● YOUR ASSIGNMENT:
Check every line of the data below for the word "over", then give only the number of lines that have it.

● DATA EXCERPTS:
definition piperm :: "nat \<Rightarrow> nat \<Rightarrow> nat \<Rightarrow> nat" where
  "piperm r n = Apow_prod r n (\<lambda>_. 1)"

text \<open>The subgroup generated by B_1, ..., B_{n-1} (the B_i are involutions,
  so finite products of generators suffice).\<close>
inductive_set Bgroup :: "nat \<Rightarrow> nat \<Rightarrow> (nat \<Rightarrow> nat) set" for r n where
  Bid: "id \<in> Bgroup r n"
| Bstep: "\<lbrakk>B \<in> Bgroup r n; 1 \<le> i; i \<le> n - 1\<rbrakk> \<Longrightarrow> invB r i \<circ> B \<in> Bgroup r n"

end

theory Submission
  imports Defs "HOL-Combinatorics.Cycles"
begin

text \<open>
  An element \<open>y = A\<^sub>1\<^bsup>a\<^sub>1\<^esup> \<cdots> A\<^sub>n\<^bsup>a\<^sub>n\<^esup> B\<close> of the centralizer of \<open>\<pi>\<close> permutes the blocks
  (the supports of the \<open>A\<^sub>j\<close>) by some \<open>\<tau>\<close> and rotates them. Starting from a point of block \<open>j\<close>,
  \<open>y\<^sup>b\<close> lands in the \<open>\<pi>\<close>-orbit of the start exactly when \<open>b\<close> is a multiple of the length \<open>k\<close>
  of the \<open>\<tau>\<close>-cycle of \<open>j\<close>, and \<open>y\<^sup>k\<close> acts there as \<open>\<pi>\<^sup>U\<close>, \<open>U\<close> the sum of the \<open>a\<close>'s along the cycle.

  For \<open>t = g\<pi>g\<^sup>-\<^sup>1\<close> and \<open>s = g\<^sup>-\<^sup>1\<pi>g\<close>, the maps \<open>\<pi>\<close> and \<open>t\<close> commute and both have period \<open>2r\<close> at
  every point \<open>p\<close>. The first return \<open>k\<close> of \<open>t\<close> to \<open>\<langle>\<pi>\<rangle>p\<close> equals the first return of \<open>\<pi>\<close> to
  \<open>\<langle>t\<rangle>p\<close>, which \<open>g\<^sup>-\<^sup>1\<close> turns into a first return of \<open>s\<close>; writing \<open>2r = kl\<close>, \<open>U = k\<alpha>\<close> and
  \<open>U' = k\<beta>\<close> for the two cycle sums, \<open>\<alpha>\<beta> \<equiv> 1 (mod l)\<close>. Hence \<open>U + k\<close> is even, and
  \<open>U \<equiv> U' (mod 4)\<close> when \<open>4 | 2r\<close>. Since \<open>\<Sum>d\<close> is the sum of the \<open>U\<close> over the \<open>\<tau>\<close>-cycles, this gives
  \<open>\<Sum>d \<equiv> \<Sum>e \<equiv> n (mod 2)\<close>, and, pairing the cycles of \<open>t\<close> and \<open>s\<close> by averaging over all points,
  \<open>\<Sum>d \<equiv> \<Sum>e (mod 4)\<close> when \<open>r\<close> is even.
\<close>

section \<open>Commuting maps with a common period\<close>

lemma funpow_conj_apply:
  assumes "f \<circ> u = v \<circ> f"
  shows "f ((u^^a) x) = (v^^a) (f x)"
proof (induction a)
  case (Suc a)
  then show ?case using fun_cong[OF assms] by simp
qed simp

● SOLUTION TO THIS TASK:
2